If vendor APIs are unavailable (e.g., driver not loaded), the node agent falls back to hwloc for topology and reports Dram domains only. GPU memory domains are still reported via the GPU topology path but without coherent interconnect metadata.

Scheduling Impact

Extending f₄ (topology_fitness)

Memory topology extends the intra-node component of f₄ alongside GPU topology:

intra_node_fitness = β · gpu_link_fitness + (1-β) · memory_locality_fitness

memory_locality_fitness(j, selected_nodes) =
    average over selected nodes of:
        fraction of allocation's CPUs and GPUs in the same memory domain

β = 0.7 for GPU-heavy workloads (GPU interconnect dominates)
β = 0.3 for CPU-heavy workloads with GPU offload (memory locality dominates)
β = 0.5 default

Constraint Hints

Allocations can specify memory topology preferences:

ConstraintEffect
prefer_same_numaSoft: prefer placing all CPUs in a single NUMA domain
require_unified_memoryHard: only schedule on nodes with Unified memory domains (GH200, MI300A)
prefer_local_memorySoft: prefer NUMA-local memory allocation policy
allow_cxl_memoryOpt-in: allow scheduling on CXL-expanded memory capacity

Hard constraints filter nodes before the knapsack solver runs. Soft constraints contribute to memory_locality_fitness.

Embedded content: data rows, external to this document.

lemma emeasure_distr_joint_rank:
  assumes "B \<in> sets rank_space"
  shows "emeasure (distr \<Omega> rank_space joint_rank) B = card (B \<inter> joint_rank_patterns) / card joint_rank_patterns"
  unfolding emeasure_distr[OF measurable_joint_rank assms] emeasure_eq_measure prob_joint_rank[OF assms] ..

end

lemma distr_concat_rank_eq:
  assumes "changepoint_model \<tau> K n M S \<epsilon> P" and "changepoint_model \<tau> K n M S \<epsilon> P'"
  shows "distr (sample_space n (\<lambda>i. P (segment_of \<tau> K i))) (PiM {1..n} (\<lambda>_. count_space UNIV))
           (concat_rank S \<epsilon> \<tau> K n)
       = distr (sample_space n (\<lambda>i. P' (segment_of \<tau> K i))) (PiM {1..n} (\<lambda>_. count_space UNIV))
           (concat_rank S \<epsilon> \<tau> K n)"
proof -
  interpret m: changepoint_model \<tau> K n M S \<epsilon> P by fact
  interpret m': changepoint_model \<tau> K n M S \<epsilon> P' by fact
  have "distr m.\<Omega> m.rank_space m.joint_rank = distr m'.\<Omega> m.rank_space m'.joint_rank"
  proof (rule measure_eqI)
    fix B assume "B \<in> sets (distr m.\<Omega> m.rank_space m.joint_rank)"
    then have B: "B \<in> sets m.rank_space" by simp
    show "emeasure (distr m.\<Omega> m.rank_space m.joint_rank) B = emeasure (distr m'.\<Omega> m.rank_space m'.joint_rank) B"
      unfolding m.emeasure_distr_joint_rank[OF B] m'.emeasure_distr_joint_rank[OF B] ..
  qed simp
  then show ?thesis by (simp only: m.distr_concat_rank m'.distr_concat_rank)
qed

Intra-Node CPU-GPU Co-location

On discrete NUMA systems (e.g., dual-socket with 4 GPUs per socket), the node agent co-locates an allocation’s CPU cores and GPUs within the same NUMA domain when possible:

For an allocation requesting k CPUs and g GPUs on a multi-NUMA node:
1. Identify NUMA domains that have both free CPUs and GPUs with local affinity
2. Prefer the domain where GPU-to-NIC affinity is best (for inter-node traffic)
3. Assign CPUs and GPUs from the same domain via cgroup/cpuset
4. If the allocation spans domains: prefer domains connected by highest-bandwidth link

Memory Mapping Policies

The node agent configures memory allocation policy at allocation start via numactl (or equivalent). This is transparent to the user unless they specify a preference.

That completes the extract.